Hierarchical nature of ImageNet

Do any pretrained models capture the heirarchical nature of WordNet and ImageNet? For example does VGG some how encode the heirarchies like a bunk bed is type of a bed?

1 Like

I find this question interesting, I don’t think VGG considers the hierarchical nature of the dataset but there are many applications where the data are hierarchically structured, for example species in taxonomical classification. It would be interesting to learn about DL approaches for hierarchical structured data. I’ve been trying to google for papers dealing with that but I haven’t found anything, maybe I haven’t found the correct keywords.

I don’t believe most CNNs would learn the hierarchies of the classes, however I do believe that they would learn concepts/features that are shared across multiple classes.

For example, if the CNN finds a mattress in the image, it may increase the probabilities of there being any sort of mattress-related class such as a bunk-bed, king size bed, etc.
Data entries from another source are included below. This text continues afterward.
lemma pos_ricci_conf_metric:
  assumes n: "n \<ge> 2"
  shows "pos_ricci n (conf_metric n)"
  unfolding pos_ricci_def
proof (intro ballI impI)
  fix x v assume x: "x \<in> Rn n" and "v \<in> Rn n" and "\<exists>i<n. v i \<noteq> 0"
  then have V: "sqnorm n v > 0" by (simp add: sqnorm_pos)
  define S where "S = sqnorm n x"
  define q where "q = 1 + S"
  define a where "a = (real n - 1) / q - S / q\<^sup>2 - (real n - 2) * S / (4 * q\<^sup>2)"
  define b where "b = - 3 * (real n - 2) / (4 * q\<^sup>2)"
  have q: "q > 0" by (simp add: q_def S_def)
  have "(\<Sum>i<n. \<Sum>j<n. ricci n (conf_metric n) x i j * v i * v j)
      = (\<Sum>i<n. \<Sum>j<n. ((if i = j then a else 0) + b * x i * x j) * v i * v j)"
    by (intro sum.cong refl) (simp add: ricci_conf_metric[OF x] a_def b_def q_def S_def)
  also have "\<dots> = a * sqnorm n v + b * (dotp n x v)\<^sup>2"
    by (rule quadratic_form_diag_plus_rank_one)
  also have "\<dots> \<ge> a * sqnorm n v + b * (S * sqnorm n v)"
    using n q dotp_sq_le[of n x v] unfolding S_def b_def
    by (intro add_left_mono mult_left_mono_neg) (auto simp: divide_nonpos_pos)
  moreover have "a * sqnorm n v + b * (S * sqnorm n v) = (real n - 1) / q\<^sup>2 * sqnorm n v"
  proof -
    have S: "S = q - 1" by (simp add: q_def)
    have "a + b * S = (real n - 1) / q\<^sup>2"
      unfolding a_def b_def S using q by (simp add: field_simps power2_eq_square)
    then show ?thesis by (metis distrib_right mult.assoc)
  qed
  moreover have "(real n - 1) / q\<^sup>2 * sqnorm n v > 0" using n q V by simp
  ultimately show "(\<Sum>i<n. \<Sum>j<n. ricci n (conf_metric n) x i j * v i * v j) > 0"
    by linarith
qed

section \<open>Curves, lengths and the Riemannian distance\<close>

definition cvel :: "(real \<Rightarrow> nat \<Rightarrow> real) \<Rightarrow> nat \<Rightarrow> real \<Rightarrow> real" where
  "cvel c i t = vector_derivative (\<lambda>s. c s i) (at t within {0..1})"

definition speed ::
    "nat \<Rightarrow> ((nat \<Rightarrow> real) \<Rightarrow> nat \<Rightarrow> nat \<Rightarrow> real) \<Rightarrow> (real \<Rightarrow> nat \<Rightarrow> real) \<Rightarrow> real \<Rightarrow> real" where
  "speed n g c t = sqrt (\<Sum>i<n. \<Sum>j<n. g (c t) i j * cvel c i t * cvel c j t)"

lemma curve_length_eq_integral_speed: "curve_length n g c = integral {0..1} (speed n g c)"
  by (simp add: curve_length_def speed_def[abs_def] cvel_def)

lemma riem_metric_form_nonneg:
  assumes "riem_metric n g" "x \<in> Rn n"
  shows "0 \<le> (\<Sum>i<n. \<Sum>j<n. g x i j * v i * v j)"
proof -
  define w where "w i = (if i < n then v i else 0)" for i
  have "w \<in> Rn n" by (simp add: w_def Rn_def)
  have form: "(\<Sum>i<n. \<Sum>j<n. g x i j * v i * v j) = (\<Sum>i<n. \<Sum>j<n. g x i j * w i * w j)"
    by (simp add: w_def)
  show ?thesis
  proof (cases "\<exists>i<n. w i \<noteq> 0")
    case True
    with assms \<open>w \<in> Rn n\<close> show ?thesis
      unfolding form riem_metric_def by (meson less_imp_le)
  qed (simp add: form)
qed

lemma curve_length_nonneg:
  assumes "riem_metric n g" "adm_curve n c"
  shows "0 \<le> curve_length n g c"
proof (cases "speed n g c integrable_on {0..1}")
  case True
  have "c t \<in> Rn n" if "t \<in> {0..1}" for t
    using assms(2) that by (simp add: adm_curve_def)
  with True show ?thesis
    unfolding curve_length_eq_integral_speed
    by (intro Henstock_Kurzweil_Integration.integral_nonneg)
       (simp_all add: speed_def riem_metric_form_nonneg[OF assms(1)])
qed (simp add: curve_length_eq_integral_speed not_integrable_integral)

lemma adm_curveI:
  assumes "\<And>t. t \<in> {0..1} \<Longrightarrow> c t \<in> Rn n"
    and "\<And>i t. i < n \<Longrightarrow> t \<in> {0..1} \<Longrightarrow> ((\<lambda>s. c s i) has_real_derivative D i t) (at t)"
    and "\<And>i. i < n \<Longrightarrow> continuous_on {0..1} (D i)"
  shows "adm_curve n c"
  unfolding adm_curve_def C1_differentiable_on_def
proof (intro conjI ballI allI impI)
  fix i assume "i < n"
  with assms(2,3) show "\<exists>D'. (\<forall>x\<in>{0..1}. ((\<lambda>t. c t i) has_vector_derivative D' x) (at x))
      \<and> continuous_on {0..1} D'"
    by (intro exI[of _ "D i"]) (auto simp: has_real_derivative_iff_has_vector_derivative)
qed (use assms(1) in blast)

lemma cvel_eqI:
  assumes "((\<lambda>s. c s i) has_real_derivative d) (at t)" "t \<in> {0..1}"
  shows "cvel c i t = d"
  unfolding cvel_def using assms
  by (intro vector_derivative_within_closed_interval)
     (auto intro: has_field_derivative_at_within
        simp: has_real_derivative_iff_has_vector_derivative[symmetric])

lemma adm_curve_has_derivative:
  assumes "adm_curve n c" "i < n" "t \<in> {0..1}"
  shows "((\<lambda>s. c s i) has_real_derivative cvel c i t) (at t)"
proof -
  from assms obtain D where D: "\<forall>x\<in>{0..1}. ((\<lambda>s. c s i) has_vector_derivative D x) (at x)"
    unfolding adm_curve_def C1_differentiable_on_def by blast
  with assms(3) have "cvel c i t = D t"
    by (simp add: cvel_eqI has_real_derivative_iff_has_vector_derivative)
  with D assms(3) show ?thesis by (simp add: has_real_derivative_iff_has_vector_derivative)
qed

lemma continuous_on_cvel:
  assumes "adm_curve n c" "i < n"
  shows "continuous_on {0..1} (cvel c i)"
proof -
  from assms obtain D where D: "\<forall>x\<in>{0..1}. ((\<lambda>s. c s i) has_vector_derivative D x) (at x)"
    and "continuous_on {0..1} D"
    unfolding adm_curve_def C1_differentiable_on_def by blast
  moreover from D have "\<forall>t\<in>{0..1}. D t = cvel c i t"
    by (auto intro!: cvel_eqI[symmetric] simp: has_real_derivative_iff_has_vector_derivative)
  ultimately show ?thesis using continuous_on_cong by blast
qed

lemma continuous_on_adm_curve:
  assumes "adm_curve n c" "i < n"
  shows "continuous_on {0..1} (\<lambda>t. c t i)"
  using assms unfolding adm_curve_def
  by (meson C1_diff_imp_diff differentiable_imp_continuous_on)

definition segment_curve :: "(nat \<Rightarrow> real) \<Rightarrow> (nat \<Rightarrow> real) \<Rightarrow> real \<Rightarrow> nat \<Rightarrow> real" where
  "segment_curve x y t = (\<lambda>i. x i + t * (y i - x i))"

lemma segment_curve_ends [simp]: "segment_curve x y 0 = x" "segment_curve x y 1 = y"
  by (auto simp: segment_curve_def)

lemma adm_curve_segment_curve: "x \<in> Rn n \<Longrightarrow> y \<in> Rn n \<Longrightarrow> adm_curve n (segment_curve x y)"
  unfolding adm_curve_def segment_curve_def
  by (auto simp: Rn_def intro!: C1_differentiable_on_add C1_differentiable_on_mult)
(* Assume (A1)–(A3). Let $[s,e]$ contain exactly one true change point $\tau_k$, with $s\le\tau_k<e$, and set $n_1=\tau_k-s+1$, $n_2=e-\tau_k$, $n=n_1+n_2$, $\rho=n_1n_2/n$. Then \[ C(s,e)-C(s,\tau_k)-C(\tau_k+1,e)\ge \rho\,\Delta_k^2-\Bigl((4m+2)M+\frac{(2m^2+2m)M}{n}\Bigr). \] If in addition $n_1\ge\ell_T/2$ and $n_2\ge\ell_T/2$, where $\ell_T=\min_{1\le j\le K+1}(\tau_j-\tau_{j-1})$, then \[ C(s,e)-C(s,\tau_k)-C(\tau_k+1,e)\ge \frac{\Delta_\star^2}{4}\ell_T-\Bigl((4m+2)M+\frac{(2m^2+2m)M}{\ell_T}\Bigr). \]
   Context: Let $Y_1,\dots,Y_T$ be random vectors in $\mathbb R^d$ with true change points $0=\tau_0<\tau_1<\dots<\tau_K<\tau_{K+1}=T$. Let $k:\mathbb R^d\times\mathbb R^d\to\mathbb R$ be a positive definite kernel with RKHS $\mathcal H$ and feature map $\phi(y)=k(y,\cdot)$; for a distribution $P$ let $\mu_P=\mathbb E_{Y\sim P}\phi(Y)\in\mathcal H$. For $1\le s\le e\le T$ define $\widehat C(s,e)=\sum_{t=s}^e k(Y_t,Y_t)-\frac{1}{e-s+1}\sum_{i=s}^e\sum_{j=s}^e k(Y_i,Y_j)$ and $C(s,e)=\mathbb E[\widehat C(s,e)]$. (A1) For a fixed integer $m\ge0$, $(Y_t)$ is $m$-dependent: for every $t$, $(Y_1,\dots,Y_t)$ is independent of $(Y_{t+m+1},\dots,Y_T)$; for each $k=1,\dots,K+1$, $(Y_t)_{\tau_{k-1}<t\le\tau_k}$ is strictly stationary with marginal $P_k$. (A2) $k$ is bounded and characteristic, $0\le k(x,y)\le M<\infty$. (A3) $\Delta_k^2:=\|\mu_{P_k}-\mu_{P_{k+1}}\|_{\mathcal H}^2>0$ for $k=1,\dots,K$, and $\Delta_\star^2:=\min_k\Delta_k^2>0$. *)

theory Defs
  imports "HOL-Probability.Probability"
begin

definition pos_def_kernel :: "('x \<Rightarrow> 'x \<Rightarrow> real) \<Rightarrow> bool" where
  "pos_def_kernel k \<longleftrightarrow> (\<forall>x y. k x y = k y x) \<and>
     (\<forall>(n::nat) (x::nat \<Rightarrow> 'x) (c::nat \<Rightarrow> real).
        0 \<le> (\<Sum>i<n. \<Sum>j<n. c i * c j * k (x i) (x j)))"

text \<open>Squared RKHS distance of kernel mean embeddings, ||mu_P - mu_Q||^2,
  unfolded via the reproducing property:
  <mu_P, mu_Q> = int int k(x,y) dP(x) dQ(y).\<close>
definition mmd_sq :: "('x \<Rightarrow> 'x \<Rightarrow> real) \<Rightarrow> 'x measure \<Rightarrow> 'x measure \<Rightarrow> real" where
  "mmd_sq k P Q =
     (\<integral>x. (\<integral>y. k x y \<partial>P) \<partial>P) - 2 * (\<integral>x. (\<integral>y. k x y \<partial>Q) \<partial>P)
     + (\<integral>x. (\<integral>y. k x y \<partial>Q) \<partial>Q)"

definition characteristic_kernel :: "('x::topological_space \<Rightarrow> 'x \<Rightarrow> real) \<Rightarrow> bool" where
  "characteristic_kernel k \<longleftrightarrow>
     (\<forall>P Q. prob_space P \<longrightarrow> sets P = sets borel \<longrightarrow> prob_space Q \<longrightarrow> sets Q = sets borel
        \<longrightarrow> mmd_sq k P Q = 0 \<longrightarrow> P = Q)"

definition Chat :: "('x \<Rightarrow> 'x \<Rightarrow> real) \<Rightarrow> (nat \<Rightarrow> 'w \<Rightarrow> 'x) \<Rightarrow> nat \<Rightarrow> nat \<Rightarrow> 'w \<Rightarrow> real" where
  "Chat k Y s e \<omega> = (\<Sum>t=s..e. k (Y t \<omega>) (Y t \<omega>))
     - (1 / real (e - s + 1)) * (\<Sum>i=s..e. \<Sum>j=s..e. k (Y i \<omega>) (Y j \<omega>))"

definition Cexp :: "'w measure \<Rightarrow> ('x \<Rightarrow> 'x \<Rightarrow> real) \<Rightarrow> (nat \<Rightarrow> 'w \<Rightarrow> 'x) \<Rightarrow> nat \<Rightarrow> nat \<Rightarrow> real" where
  "Cexp M k Y s e = (\<integral>\<omega>. Chat k Y s e \<omega> \<partial>M)"

definition strictly_stationary_on ::
  "'w measure \<Rightarrow> (nat \<Rightarrow> 'w \<Rightarrow> 'x::topological_space) \<Rightarrow> nat set \<Rightarrow> bool" where
  "strictly_stationary_on M Y I \<longleftrightarrow>
     (\<forall>J h. finite J \<longrightarrow> J \<subseteq> I \<longrightarrow> (\<lambda>j. j + h) ` J \<subseteq> I \<longrightarrow>
        distr M (PiM J (\<lambda>_. borel)) (\<lambda>\<omega>. restrict (\<lambda>j. Y j \<omega>) J)
        = distr M (PiM J (\<lambda>_. borel)) (\<lambda>\<omega>. restrict (\<lambda>j. Y (j + h) \<omega>) J))"

definition m_dependent ::
  "'w measure \<Rightarrow> (nat \<Rightarrow> 'w \<Rightarrow> 'x::topological_space) \<Rightarrow> nat \<Rightarrow> nat \<Rightarrow> bool" where
  "m_dependent M Y T m \<longleftrightarrow>
     (\<forall>t::nat. prob_space.indep_var M
        (PiM {1..t} (\<lambda>_. borel)) (\<lambda>\<omega>. restrict (\<lambda>i. Y i \<omega>) {1..t})
        (PiM {t+m+1..T} (\<lambda>_. borel)) (\<lambda>\<omega>. restrict (\<lambda>i. Y i \<omega>) {t+m+1..T}))"

end

theory Submission
  imports Defs
begin

text \<open>Write \<open>G(i,j) = E k(Y\<^sub>i,Y\<^sub>j)\<close>. The cost \<open>C(s,e)\<close> is the trace of \<open>G\<close> on \<open>[s,e]\<close>
  minus its total mass divided by the length, so in \<open>C(s,e) - C(s,\<tau>) - C(\<tau>+1,e)\<close> the traces
  cancel and only the block sums of \<open>G\<close> over \<open>A = [s,\<tau>]\<close> and \<open>B = [\<tau>+1,e]\<close> remain.
  By m-dependence, as soon as \<open>|i - j| > m\<close>, \<open>G(i,j)\<close> is the inner product of the mean
  embeddings of the marginals of \<open>Y\<^sub>i\<close> and \<open>Y\<^sub>j\<close>; all entries lie in \<open>[0,M]\<close>.
  Hence a diagonal block sum differs from \<open>n\<^sub>A\<^sup>2 \<langle>\<mu>,\<mu>\<rangle>\<close> only on a band of width
  \<open>2m+1\<close>, and the cross block sum differs from \<open>n\<^sub>1 n\<^sub>2 \<langle>\<mu>\<^sub>k,\<mu>\<^sub>k\<^sub>+\<^sub>1\<rangle>\<close>
  only on an \<open>m \<times> m\<close> corner. The main terms combine to
  \<open>\<rho> (\<langle>\<mu>\<^sub>k,\<mu>\<^sub>k\<rangle> - 2\<langle>\<mu>\<^sub>k,\<mu>\<^sub>k\<^sub>+\<^sub>1\<rangle> + \<langle>\<mu>\<^sub>k\<^sub>+\<^sub>1,\<mu>\<^sub>k\<^sub>+\<^sub>1\<rangle>) = \<rho> \<Delta>\<^sub>k\<^sup>2\<close>, and the
  second bound follows from \<open>\<rho> \<ge> l\<^sub>T/4\<close> when \<open>n\<^sub>1, n\<^sub>2 \<ge> l\<^sub>T/2\<close>.\<close>

lemma sum_sum_banded_abs_le:
  fixes f :: "nat \<Rightarrow> nat \<Rightarrow> real"
  assumes "finite I" "0 \<le> B"
    and bound: "\<And>i j. i \<in> I \<Longrightarrow> j \<in> I \<Longrightarrow> \<bar>f i j\<bar> \<le> B"
    and band: "\<And>i j. i \<in> I \<Longrightarrow> j \<in> I \<Longrightarrow> i + m < j \<or> j + m < i \<Longrightarrow> f i j = 0"
  shows "\<bar>\<Sum>i\<in>I. \<Sum>j\<in>I. f i j\<bar> \<le> real (card I) * ((2 * real m + 1) * B)"
proof -
  have row: "\<bar>\<Sum>j\<in>I. f i j\<bar> \<le> (2 * real m + 1) * B" if i: "i \<in> I" for i
  proof -
    let ?W = "{i - m..i + m}"
    have "\<bar>\<Sum>j\<in>I. f i j\<bar> \<le> (\<Sum>j\<in>I. of_bool (j \<in> ?W) * B)"
      by (rule order_trans[OF sum_abs sum_mono]) (use i bound band in force)
    also have "\<dots> = real (card (I \<inter> ?W)) * B"
      using \<open>finite I\<close> by (simp add: sum_distrib_right[symmetric] Int_def)
    also have "\<dots> \<le> real (card ?W) * B"
      using \<open>0 \<le> B\<close> card_mono[of ?W "I \<inter> ?W"] by (intro mult_right_mono) auto
    also have "\<dots> \<le> (2 * real m + 1) * B"
      using \<open>0 \<le> B\<close> by (intro mult_right_mono) auto
    finally show ?thesis .
  qed
  have "\<bar>\<Sum>i\<in>I. \<Sum>j\<in>I. f i j\<bar> \<le> (\<Sum>i\<in>I. (2 * real m + 1) * B)"
    by (rule order_trans[OF sum_abs sum_mono]) (rule row)
  then show ?thesis by simp
qed
theorem theorem2:
  fixes M :: "'a measure" and Y0 Y1 V G T :: "'a \<Rightarrow> real" and v :: "real \<Rightarrow> real \<Rightarrow> real"
  assumes P: "prob_space M"
    and rvY0: "Y0 \<in> borel_measurable M" and rvY1: "Y1 \<in> borel_measurable M"
    and rvV: "V \<in> borel_measurable M" and rvG: "G \<in> borel_measurable M"
    and rvT: "T \<in> borel_measurable M"
    and G01: "\<forall>x\<in>space M. G x \<in> {0, 1}" and T01: "\<forall>x\<in>space M. T x \<in> {0, 1}"
    and cells: "\<forall>g\<in>{0,1}. \<forall>t\<in>{0,1}. measure M {x\<in>space M. G x = g \<and> T x = t} > 0"
    and intY0: "integrable M Y0" and intY1: "integrable M Y1"
    \<comment> \<open>Assumption 1: V independent of T conditional on G\<close>
    and A1: "\<forall>g\<in>{0,1}. \<forall>t\<in>{0,1}. \<forall>B\<in>sets borel.
        measure M {x\<in>space M. V x \<in> B \<and> T x = t \<and> G x = g} * measure M {x\<in>space M. G x = g}
      = measure M {x\<in>space M. V x \<in> B \<and> G x = g} * measure M {x\<in>space M. T x = t \<and> G x = g}"
    \<comment> \<open>Assumption 2\<close>
    and A2a: "cexp M (treat V G T v) {x\<in>space M. G x = 1 \<and> T x = 1}
            > cexp M (treat V G T v) {x\<in>space M. G x = 1 \<and> T x = 0}"
    and A2b: "cexp M (treat V G T v) {x\<in>space M. G x = 1 \<and> T x = 1}
              - cexp M (treat V G T v) {x\<in>space M. G x = 1 \<and> T x = 0}
            > cexp M (treat V G T v) {x\<in>space M. G x = 0 \<and> T x = 1}
              - cexp M (treat V G T v) {x\<in>space M. G x = 0 \<and> T x = 0}"
    \<comment> \<open>Assumption 3': conditional common trends\<close>
    and A3: "\<forall>d\<in>{0::real,1}. \<forall>g\<in>{0,1}. \<forall>g'\<in>{0,1}.
        cexp M (if d = 1 then Y1 else Y0) {x\<in>space M. G x = g \<and> T x = 1 \<and> ptreat V G v 0 x = d}
      - cexp M (if d = 1 then Y1 else Y0) {x\<in>space M. G x = g \<and> T x = 0 \<and> ptreat V G v 0 x = d}
      = cexp M (if d = 1 then Y1 else Y0) {x\<in>space M. G x = g' \<and> T x = 1 \<and> ptreat V G v 0 x = d}
      - cexp M (if d = 1 then Y1 else Y0) {x\<in>space M. G x = g' \<and> T x = 0 \<and> ptreat V G v 0 x = d}"
    \<comment> \<open>Assumption 5\<close>
    and A5a: "0 < cexp M (treat V G T v) {x\<in>space M. G x = 0 \<and> T x = 1}"
    and A5b: "cexp M (treat V G T v) {x\<in>space M. G x = 0 \<and> T x = 1}
            = cexp M (treat V G T v) {x\<in>space M. G x = 0 \<and> T x = 0}"
    and A5c: "cexp M (treat V G T v) {x\<in>space M. G x = 0 \<and> T x = 1} < 1"
  shows "(let D = treat V G T v; Y = outcome D Y0 Y1;
             \<delta> = (\<lambda>d. cexp M Y {x\<in>space M. D x = d \<and> G x = 0 \<and> T x = 1}
                     - cexp M Y {x\<in>space M. D x = d \<and> G x = 0 \<and> T x = 0})
         in (cexp M Y {x\<in>space M. G x = 1 \<and> T x = 1}
              - cexp M (\<lambda>x. Y x + (1 - D x) * \<delta> 0 + D x * \<delta> 1) {x\<in>space M. G x = 1 \<and> T x = 0})
            / (cexp M D {x\<in>space M. G x = 1 \<and> T x = 1} - cexp M D {x\<in>space M. G x = 1 \<and> T x = 0}))
       = cexp M (\<lambda>x. Y1 x - Y0 x)
           {x\<in>space M. ptreat V G v 0 x < ptreat V G v 1 x \<and> G x = 1 \<and> T x = 1}"
proof -
  interpret threshold_did M Y0 Y1 V G T v
    using P rvY0 rvY1 rvV rvG rvT G01 T01 cells intY0 intY1 A1
    by (simp add: threshold_did_def threshold_did_axioms_def)
  define \<delta> where "\<delta> d = cexp M Y {x\<in>space M. D x = d \<and> G x = 0 \<and> T x = 1}
    - cexp M Y {x\<in>space M. D x = d \<and> G x = 0 \<and> T x = 0}" for d
  let ?p = "cond_survival 1 (v 1 0)" and ?p1 = "cond_survival 1 (v 1 1)"
  have take_up: "cexp M D (cell 1 1) - cexp M D (cell 1 0) = ?p1 - ?p"
    by (simp add: cexp_treat_cell)
  have "v 1 1 \<le> v 1 0"
    using threshold_decreasing[of 1] A2a by simp
  note period1 = cexp_outcome_period1[of 1, OF _ this]
  have trend: "\<delta> d = cexp M (if d = 1 then Y1 else Y0) (stratum 1 1 d)
      - cexp M (if d = 1 then Y1 else Y0) (stratum 1 0 d)" if "d \<in> {0,1}" for d
    unfolding \<delta>_def outcome_trend_stable_group[of 0, OF _ that A5b, simplified]
    using A3 that by blast
  have "cexp M Y (cell 1 1) - cexp M (\<lambda>x. Y x + (1 - D x) * \<delta> 0 + D x * \<delta> 1) (cell 1 0)
      = (?p1 - ?p) * cexp M (\<lambda>x. Y1 x - Y0 x) (compliers 1)"
    unfolding cexp_adjusted_outcome_period0[of 1 "\<delta> 0" "\<delta> 1", simplified] period1[simplified]
    unfolding trend[of 0, simplified] trend[of 1, simplified]
    by (simp add: algebra_simps)
  then have "(cexp M Y (cell 1 1) - cexp M (\<lambda>x. Y x + (1 - D x) * \<delta> 0 + D x * \<delta> 1) (cell 1 0))
      / (cexp M D (cell 1 1) - cexp M D (cell 1 0)) = cexp M (\<lambda>x. Y1 x - Y0 x) (compliers 1)"
    using take_up A2a by simp
  then show ?thesis
    unfolding Let_def \<delta>_def .
qed

end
Whether that information can be considered hierarchical is up for debate.

If you could create a loss function that included some metric of distance between two classes in a hierarchy the network would probably learn some of the hierarchical nature of the data. It would need to have an easy derivative though…

This paper builds a model that is evaluated with (and does well on) just such a hierarchical loss function: http://papers.nips.cc/paper/5204-devise-a-deep-visual-semantic-embedding-model . We’ll be studying it in part 2.

I’m not aware of any papers that explicitly use a hierarchical loss function, however. I see no reason it shouldn’t work - would be an interesting project!